Member of the California State Assembly
- In office January 3, 1955 – November 29, 1974
- Preceded by: Francis Dunn Jr.
- Succeeded by: S. Floyd Mori
- Constituency: 13th district (1955–1973) 15th district (1973–1974)

Mayor of Hayward, California
- In office 1952–1954

Personal details
- Born: May 5, 1917 Berkeley, California, U.S.
- Died: November 29, 1974 (aged 57) San Antonio, Texas, U.S.
- Party: Democratic
- Spouse: Jean Anderson ​(m. 1946)​
- Children: 5
- Parent: Carlos Bee (father);
- Relatives: Bee family
- Education: Santa Barbara State College (bachelor's degree, 1940)
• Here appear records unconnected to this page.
(* Let $V_-\in\mathbb C(x)$, $\lambda_1\in\mathbb C$, and let $\Psi_{\lambda_1}$ be a nonzero solution of $-\partial_x^2\Psi+V_-\Psi=\lambda_1\Psi$ with $W:=-\partial_x(\ln\Psi_{\lambda_1})$ algebraic over $\mathbb C(x)$; let $V_+=V_--2\partial_x^2(\ln\Psi_{\lambda_1})$ (so that $V_\mp-\lambda_1=W^2\mp\partial_xW$). Then the following are equivalent: (i) $W\in\mathbb C(x)$; (ii) $V_+\in\mathbb C(x)$ and, for every $\lambda\ne\lambda_1$, the Picard–Vessiot extensions over $\mathbb C(x)$ of $-\partial_x^2\Psi+V_-\Psi=\lambda\Psi$ and of $-\partial_x^2\Psi+V_+\Psi=\lambda\Psi$ coincide.
   Context: Condition (ii) is what the paper calls the Darboux transformation being strong iso-Galoisian: same base field and same Picard–Vessiot extensions. *)

theory Defs
  imports "HOL-Computational_Algebra.Polynomial"
begin

text \<open>Differential algebra inside an ambient differential field of type 'a
  with derivation D.\<close>

definition derivation :: "('a::field \<Rightarrow> 'a) \<Rightarrow> bool" where
  "derivation D \<longleftrightarrow> (\<forall>a b. D (a + b) = D a + D b \<and> D (a * b) = D a * b + a * D b)"

definition subfield :: "'a::field set \<Rightarrow> bool" where
  "subfield E \<longleftrightarrow> 0 \<in> E \<and> 1 \<in> E \<and>
     (\<forall>a\<in>E. \<forall>b\<in>E. a + b \<in> E \<and> a - b \<in> E \<and> a * b \<in> E) \<and> (\<forall>a\<in>E. inverse a \<in> E)"

definition diff_subfield :: "('a::field \<Rightarrow> 'a) \<Rightarrow> 'a set \<Rightarrow> bool" where
  "diff_subfield D E \<longleftrightarrow> subfield E \<and> (\<forall>a\<in>E. D a \<in> E)"

definition diff_closure :: "('a::field \<Rightarrow> 'a) \<Rightarrow> 'a set \<Rightarrow> 'a set" where
  "diff_closure D S = \<Inter>{E. diff_subfield D E \<and> S \<subseteq> E}"

text \<open>The field C(x) inside the ambient field: quotients of polynomials in x with
  complex coefficients, the complex numbers being embedded via iota.\<close>
definition poly_eval :: "(complex \<Rightarrow> 'a::field) \<Rightarrow> complex poly \<Rightarrow> 'a \<Rightarrow> 'a" where
  "poly_eval \<iota> p x = (\<Sum>i\<le>degree p. \<iota> (coeff p i) * x ^ i)"

definition ratfun_field :: "(complex \<Rightarrow> 'a::field) \<Rightarrow> 'a \<Rightarrow> 'a set" where
  "ratfun_field \<iota> x = {poly_eval \<iota> p x / poly_eval \<iota> q x | p q. poly_eval \<iota> q x \<noteq> 0}"

definition algebraic_over :: "'a::field set \<Rightarrow> 'a \<Rightarrow> bool" where
  "algebraic_over K w \<longleftrightarrow> (\<exists>p::'a poly. p \<noteq> 0 \<and> (\<forall>i. coeff p i \<in> K) \<and> poly p w = 0)"

definition schr_sol :: "('a::field \<Rightarrow> 'a) \<Rightarrow> 'a \<Rightarrow> 'a \<Rightarrow> 'a \<Rightarrow> bool" where
  "schr_sol D V lam y \<longleftrightarrow> - D (D y) + V * y = lam * y"

definition wronskian :: "('a::field \<Rightarrow> 'a) \<Rightarrow> 'a \<Rightarrow> 'a \<Rightarrow> 'a" where
  "wronskian D y1 y2 = y1 * D y2 - D y1 * y2"
lemma mutually_max_distant_strong_productD:
  assumes v: "a \<in> fst G" "c \<in> fst G" "b \<in> fst H" "d \<in> fst H"
    and "(a, b) \<noteq> (c, d)"
    and "mutually_max_distant (strong_product G H) (a, b) (c, d)"
  shows "a \<noteq> c \<and> mutually_max_distant G a c \<or> b \<noteq> d \<and> mutually_max_distant H b d"
proof -
  have max_distant: "max_distant (strong_product G H) (a, b) (c, d)"
      "max_distant (strong_product G H) (c, d) (a, b)"
    using assms(6) by (simp_all add: mutually_max_distant_def)
  have pos: "0 < max (gdist G a c) (gdist H b d)"
    using v assms(5) by (rule gdist_strong_product_pos)
  have sym_dist: "gdist G c a = gdist G a c" "gdist H d b = gdist H b d"
    using gdist_sym sym_G sym_H by metis+
  consider "gdist H b d \<le> gdist G a c" | "gdist G a c \<le> gdist H b d"
    by linarith
  then show ?thesis
  proof cases
    case 1
    with pos have "a \<noteq> c" by auto
    moreover have "max_distant G a c" "max_distant G c a"
      using max_distant_fst_if_max_distant_strong_product[OF v 1 max_distant(1)]
        max_distant_fst_if_max_distant_strong_product[OF v(2,1,4,3) _ max_distant(2)] 1 sym_dist
      by simp_all
    ultimately show ?thesis by (simp add: mutually_max_distant_def)
  next
    case 2
    with pos have "b \<noteq> d" by auto
    moreover have "max_distant H b d" "max_distant H d b"
      using max_distant_snd_if_max_distant_strong_product[OF v 2 max_distant(1)]
        max_distant_snd_if_max_distant_strong_product[OF v(2,1,4,3) _ max_distant(2)] 2 sym_dist
      by simp_all
    ultimately show ?thesis by (simp add: mutually_max_distant_def)
  qed
qed
lemma I0_Phi_subset_I1:
  fixes gm :: "'g::t2_space \<Rightarrow> 'g \<Rightarrow> 'g"
  assumes N: "N_function \<Phi>" and tg: "top_groupoid G2 gm gi"
    and lh: "left_haar_system G2 gm gi lam"
    and mass: "(SUP u\<in>unit_space gm gi. emeasure (lam u) UNIV) < \<infinity>"
  shows "I0_Phi \<Phi> gm gi lam \<subseteq> I1 gm gi lam"
proof
  let ?F = "fibre_measure lam (grp_r gm gi)"
  obtain D where "D > 0" and L1_le: "\<And>u h. u \<in> unit_space gm gi \<Longrightarrow> h \<in> orlicz_space \<Phi> (?F u) \<Longrightarrow>
      integrable (?F u) h \<and> L1_norm (?F u) h \<le> D * gauge_norm \<Phi> (?F u) h"
    using fibre_L1_norm_le_gauge_norm[OF N tg lh mass] by blast
  fix \<xi> assume "\<xi> \<in> I0_Phi \<Phi> gm gi lam"
  then obtain B where orlicz: "\<And>u. u \<in> unit_space gm gi \<Longrightarrow> \<xi> u \<in> orlicz_space \<Phi> (?F u)"
    and B: "\<And>u. u \<in> unit_space gm gi \<Longrightarrow> gauge_norm \<Phi> (?F u) (\<xi> u) \<le> B"
    unfolding I0_Phi_def by blast
  have "L1_norm (?F u) (\<xi> u) \<le> D * B" if "u \<in> unit_space gm gi" for u
    using L1_le[OF that orlicz[OF that]] B[OF that] \<open>D > 0\<close>
    by (meson mult_left_mono less_imp_le order_trans)
  then show "\<xi> \<in> I1 gm gi lam"
    using L1_le orlicz unfolding I1_def by blast
qed

lemma E0_Phi_subset_E1:
  fixes gm :: "'g::t2_space \<Rightarrow> 'g \<Rightarrow> 'g"
  assumes N: "N_function \<Phi>" and tg: "top_groupoid G2 gm gi"
    and lh: "left_haar_system G2 gm gi lam"
    and mass: "(SUP u\<in>unit_space gm gi. emeasure (lam u) UNIV) < \<infinity>"
  shows "E0_Phi \<Phi> gm gi lam \<subseteq> E1 gm gi lam"
proof
  let ?F = "fibre_measure lam (grp_r gm gi)"
  obtain D where "D > 0" and L1_le: "\<And>u h. u \<in> unit_space gm gi \<Longrightarrow> h \<in> orlicz_space \<Phi> (?F u) \<Longrightarrow>
      integrable (?F u) h \<and> L1_norm (?F u) h \<le> D * gauge_norm \<Phi> (?F u) h"
    using fibre_L1_norm_le_gauge_norm[OF N tg lh mass] by blast
  obtain C where C: "\<And>u. u \<in> unit_space gm gi \<Longrightarrow> emeasure (?F u) (space (?F u)) \<le> ennreal C"
    using fibre_measure_mass_bounded[OF tg lh mass] by blast
  have finite: "emeasure (?F u) (space (?F u)) < \<infinity>" if "u \<in> unit_space gm gi" for u
    by (rule le_less_trans[OF C[OF that]]) simp
  fix \<xi> assume "\<xi> \<in> E0_Phi \<Phi> gm gi lam"
  then have I0: "\<xi> \<in> I0_Phi \<Phi> gm gi lam"
    and close: "loc_close_vanishing (\<lambda>u. gauge_norm \<Phi> (?F u)) (unit_space gm gi) \<xi>"
    unfolding E0_Phi_def by auto
  then have orlicz: "\<And>u. u \<in> unit_space gm gi \<Longrightarrow> \<xi> u \<in> orlicz_space \<Phi> (?F u)"
    unfolding I0_Phi_def by blast
  (* gauge_norm is an infimum that is junk on an empty set, so the gauge-norm closeness
     of \<xi> u to f says nothing until \<xi> u - f is known to be an Orlicz function. *)
  have orlicz_diff: "(\<lambda>x. \<xi> u x - f x) \<in> orlicz_space \<Phi> (?F u)"
    if u: "u \<in> unit_space gm gi" and "Cc f" for u f
  proof -
    obtain B where "\<And>x. \<bar>f x\<bar> \<le> B" using Cc_bounded[OF \<open>Cc f\<close>] by blast
    then show ?thesis
      using orlicz_space_diff_bounded[OF N finite[OF u] orlicz[OF u]]
        Cc_measurable_fibre_measure[of lam u, OF left_haar_system_sets[OF lh u] \<open>Cc f\<close>] by blast
  qed
  have "loc_close_vanishing (\<lambda>u. L1_norm (?F u)) (unit_space gm gi) \<xi>"
  proof (rule loc_close_vanishing_mono[OF \<open>D > 0\<close> _ _ close])
    show "L1_norm (?F u) (\<xi> u) \<le> D * gauge_norm \<Phi> (?F u) (\<xi> u)"
      if "u \<in> unit_space gm gi" for u
      using L1_le[OF that orlicz[OF that]] by blast
    show "L1_norm (?F u) (\<lambda>x. \<xi> u x - f x) \<le> D * gauge_norm \<Phi> (?F u) (\<lambda>x. \<xi> u x - f x)"
      if "u \<in> unit_space gm gi" and "Cc f" for u f
      using L1_le[OF that(1) orlicz_diff[OF that]] by blast
  qed
  then show "\<xi> \<in> E1 gm gi lam"
    using I0_Phi_subset_I1[OF N tg lh mass] I0 unfolding E1_def by blast
qed

theorem lemma3p11:
  fixes G2 :: "('g::{t2_space, second_countable_topology} \<times> 'g) set"
    and gm :: "'g \<Rightarrow> 'g \<Rightarrow> 'g" and gi :: "'g \<Rightarrow> 'g"
    and lam :: "'g \<Rightarrow> 'g measure"
    and \<Phi> \<Psi> :: "real \<Rightarrow> real"
  assumes "locally_compact_space (euclidean :: 'g topology)"
    and "top_groupoid G2 gm gi"
    and "left_haar_system G2 gm gi lam"
    and "N_function \<Phi>" and "\<Psi> = complementary_fun \<Phi>" and "N_function \<Psi>"
    and "Delta2 (compact (UNIV :: 'g set)) \<Phi>"
  shows "((SUP u\<in>unit_space gm gi. emeasure (lam u) UNIV) < \<infinity> \<longrightarrow>
            I0_Phi \<Phi> gm gi lam \<subseteq> I1 gm gi lam \<and> E0_Phi \<Phi> gm gi lam \<subseteq> E1 gm gi lam)
       \<and> (compact (UNIV :: 'g set) \<longrightarrow>
            I0_Phi \<Phi> gm gi lam \<subseteq> I1 gm gi lam \<and> E0_Phi \<Phi> gm gi lam \<subseteq> E1 gm gi lam)"
  using I0_Phi_subset_I1[OF assms(4,2,3)] E0_Phi_subset_E1[OF assms(4,2,3)]
    compact_groupoid_haar_mass_bounded[OF assms(2,3)]
  by blast

end
(* Let $L$ be a C-loop with nucleus $N$. Then the factor loop $L/N$ is a Steiner loop.
   Context: A C-loop is a loop satisfying $x(y(yz))=((xy)y)z$ for all $x,y,z$. The nucleus $N$ of a loop is the set of elements $a$ with $a(yz)=(ay)z$, $y(az)=(ya)z$, $y(za)=(yz)a$ for all $y,z$; in a C-loop it is a normal subloop (normal meaning $xN=Nx$, $x(yN)=(xy)N$, $x(Ny)=(xN)y$ for all $x,y$), and $L/N$ is the factor loop of cosets. A Steiner loop is a loop with neutral element $e$ satisfying $xx=e$, $(yx)x=y$, $xy=yx$ for all $x,y$. *)

theory Defs
  imports Main
begin

definition loop :: "'a set \<Rightarrow> ('a \<Rightarrow> 'a \<Rightarrow> 'a) \<Rightarrow> 'a \<Rightarrow> bool" where
  "loop L m e \<longleftrightarrow> e \<in> L \<and> (\<forall>x\<in>L. \<forall>y\<in>L. m x y \<in> L)
     \<and> (\<forall>x\<in>L. m e x = x \<and> m x e = x)
     \<and> (\<forall>a\<in>L. \<forall>b\<in>L. \<exists>!x. x \<in> L \<and> m a x = b)
     \<and> (\<forall>a\<in>L. \<forall>b\<in>L. \<exists>!y. y \<in> L \<and> m y a = b)"

definition C_loop :: "'a set \<Rightarrow> ('a \<Rightarrow> 'a \<Rightarrow> 'a) \<Rightarrow> 'a \<Rightarrow> bool" where
  "C_loop L m e \<longleftrightarrow> loop L m e \<and>
     (\<forall>x\<in>L. \<forall>y\<in>L. \<forall>z\<in>L. m x (m y (m y z)) = m (m (m x y) y) z)"

definition nucleus :: "'a set \<Rightarrow> ('a \<Rightarrow> 'a \<Rightarrow> 'a) \<Rightarrow> 'a set" where
  "nucleus L m = {a \<in> L. \<forall>y\<in>L. \<forall>z\<in>L.
      m a (m y z) = m (m a y) z \<and> m y (m a z) = m (m y a) z \<and> m y (m z a) = m (m y z) a}"

definition lcoset :: "('a \<Rightarrow> 'a \<Rightarrow> 'a) \<Rightarrow> 'a \<Rightarrow> 'a set \<Rightarrow> 'a set" where
  "lcoset m x N = (\<lambda>n. m x n) ` N"

definition factor_carrier :: "'a set \<Rightarrow> ('a \<Rightarrow> 'a \<Rightarrow> 'a) \<Rightarrow> 'a set \<Rightarrow> 'a set set" where
  "factor_carrier L m N = (\<lambda>x. lcoset m x N) ` L"

definition factor_mult :: "('a \<Rightarrow> 'a \<Rightarrow> 'a) \<Rightarrow> 'a set \<Rightarrow> 'a set \<Rightarrow> 'a set \<Rightarrow> 'a set" where
  "factor_mult m N A B = lcoset m (m (SOME a. a \<in> A) (SOME b. b \<in> B)) N"

definition steiner_loop :: "'a set \<Rightarrow> ('a \<Rightarrow> 'a \<Rightarrow> 'a) \<Rightarrow> 'a \<Rightarrow> bool" where
  "steiner_loop L m e \<longleftrightarrow> loop L m e \<and>
     (\<forall>x\<in>L. \<forall>y\<in>L. m x x = e \<and> m (m y x) x = y \<and> m x y = m y x)"

end

theory Submission
  imports Defs
begin

text \<open>Putting \<open>x = e\<close> or \<open>z = e\<close> in the C-law shows that a C-loop is alternative, and
  then that it has the inverse property. Rewritten with alternativity, the C-law says that
  every square \<open>y y\<close> lies in the middle nucleus. In an inverse property loop inversion
  is an anti-automorphism that permutes the left, middle and right nucleus, so the middle
  nucleus is the whole nucleus \<open>N\<close>: all squares are nuclear. Hence \<open>N\<close> is normal,
  every element of \<open>L/N\<close> squares to the identity, and \<open>x\<^sup>-\<^sup>1 N = x N\<close>; applying
  inversion to \<open>x y\<close> then shows that \<open>L/N\<close> is commutative.\<close>

locale loop_ctx =
  fixes L :: "'a set" and m :: "'a \<Rightarrow> 'a \<Rightarrow> 'a" (infixl "\<cdot>" 70) and e :: 'a
  assumes loop: "loop L m e"
begin

lemma one_closed [simp]: "e \<in> L"
  and mult_closed [simp]: "x \<in> L \<Longrightarrow> y \<in> L \<Longrightarrow> x \<cdot> y \<in> L"
  and left_unit [simp]: "x \<in> L \<Longrightarrow> e \<cdot> x = x"
  and right_unit [simp]: "x \<in> L \<Longrightarrow> x \<cdot> e = x"
  and left_div_unique: "a \<in> L \<Longrightarrow> b \<in> L \<Longrightarrow> \<exists>!x. x \<in> L \<and> a \<cdot> x = b"
  and right_div_unique: "a \<in> L \<Longrightarrow> b \<in> L \<Longrightarrow> \<exists>!x. x \<in> L \<and> x \<cdot> a = b"
  using loop unfolding loop_def by auto

lemma left_cancel: "a \<in> L \<Longrightarrow> x \<in> L \<Longrightarrow> y \<in> L \<Longrightarrow> a \<cdot> x = a \<cdot> y \<Longrightarrow> x = y"
  using left_div_unique[of a "a \<cdot> x"] by auto

lemma right_div: "a \<in> L \<Longrightarrow> b \<in> L \<Longrightarrow> \<exists>x\<in>L. x \<cdot> a = b"
  using right_div_unique by blast
lemma free_ultrafilter_exists:
  assumes "infinite (UNIV :: 'a set)"
  shows "\<exists>F :: 'a filter. free_ultrafilter F"
proof -
  \<comment> \<open>Zorn's lemma for the proper filters finer than the cofinite filter, ordered by refinement.\<close>
  define R where "R = {(G, H). H \<noteq> (bot :: 'a filter) \<and> H \<le> G \<and> G \<le> cofinite}"
  have field_R: "Field R = {G. G \<noteq> bot \<and> G \<le> cofinite}"
    by (auto simp: R_def Field_def bot_unique)
  have "\<exists>U\<in>Field R. \<forall>G\<in>Field R. (U, G) \<in> R \<longrightarrow> G = U"
  proof (rule Zorns_po_lemma)
    show "Partial_order R"
      by (auto simp: R_def partial_order_on_def preorder_on_def
          antisym_def refl_on_def trans_def Field_def bot_unique)
    show "\<exists>U\<in>Field R. \<forall>G\<in>C. (G, U) \<in> R" if C: "C \<in> Chains R" for C
    proof (cases "C = {}")
      case True
      then show ?thesis using assms by (intro bexI[of _ cofinite]) (auto simp: field_R)
    next
      case False
      have "Inf C = bot \<longleftrightarrow> (\<exists>G\<in>C. G = bot)"
        unfolding trivial_limit_def using C False
        by (intro eventually_Inf_base) (auto simp: Chains_def R_def)
      then have ne: "Inf C \<noteq> bot" using C by (auto simp: Chains_def R_def)
      from False obtain G where "G \<in> C" by auto
      with C have "Inf C \<le> cofinite"
        by (auto intro!: Inf_lower2[of G] simp: Chains_def R_def)
      with ne have "Inf C \<in> Field R" by (simp add: field_R)
      moreover have "\<forall>G\<in>C. (G, Inf C) \<in> R"
        using C ne by (auto intro: Inf_lower simp: Chains_def R_def)
      ultimately show ?thesis by blast
    qed
  qed
  then obtain U where "U \<in> Field R" and max: "\<forall>G\<in>Field R. (U, G) \<in> R \<longrightarrow> G = U"
    by blast
  then have U: "U \<noteq> bot" "U \<le> cofinite" by (simp_all add: field_R)
  have maximal: "G = U" if "G \<noteq> bot" "G \<le> U" for G
  proof -
    have "G \<in> Field R" using that U(2) by (simp add: field_R)
    moreover have "(U, G) \<in> R" using that U(2) by (simp add: R_def)
    ultimately show ?thesis using max by blast
  qed
  have "eventually P U" if "\<not> eventually (\<lambda>x. \<not> P x) U" for P
  proof -
    let ?G = "inf U (principal {x. P x})"
    have "?G \<noteq> bot"
      using that by (simp add: trivial_limit_def eventually_inf_principal)
    then have "?G = U" by (rule maximal) simp
    moreover have "eventually P ?G" by (simp add: eventually_inf_principal)
    ultimately show ?thesis by simp
  qed
  with U show ?thesis unfolding free_ultrafilter_def by blast
qed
= Carlos Bee (California politician) =

American politician

Carlos Bee (May 5, 1917 – November 29, 1974) was an American Democratic Party politician from California who served in multiple offices, most notably speaker pro tempore in the California State Assembly.

==Early life==
Born in Berkeley, California, Bee came from a political family the son of U.S. Representative Carlos Bee from Texas and grandson of Hamilton P. Bee, who was Speaker of the Texas House of Representatives from 1855 to 1856. After graduating from South Pasadena High School in South Pasadena, California the younger Bee graduated from Santa Barbara State College (now University of California, Santa Barbara) in 1940.

==Career==
After graduating from college, Bee worked as a high school teacher in Hayward, California, for 12 years. From 1948 to 1954, Bee served on the Hayward City Council, serving as mayor from 1952 to 1954. Bee won his first election to the California State Assembly in 1954. He was first sworn in to the Assembly on January 3, 1955.

During his tenure in the Assembly, Bee served on the Rules Committee as well as the Committees on Intergovernmental Relations, Retirement, and Transportation. Bee introduced a bill to establish the California State College at Hayward (now California State University, East Bay); Governor Goodwin Knight signed the bill into law on July 5, 1957.

From 1959 to 1968, and 1971 to 1974, he served as speaker pro tempore in the California State Assembly.

Nearly three weeks after winning reelection, Bee died in San Antonio, Texas, on November 29, 1974. He was 57. Carlos Bee Boulevard in Hayward adjacent to Cal State East Bay and Carlos Bee Park in Castro Valley are named after him.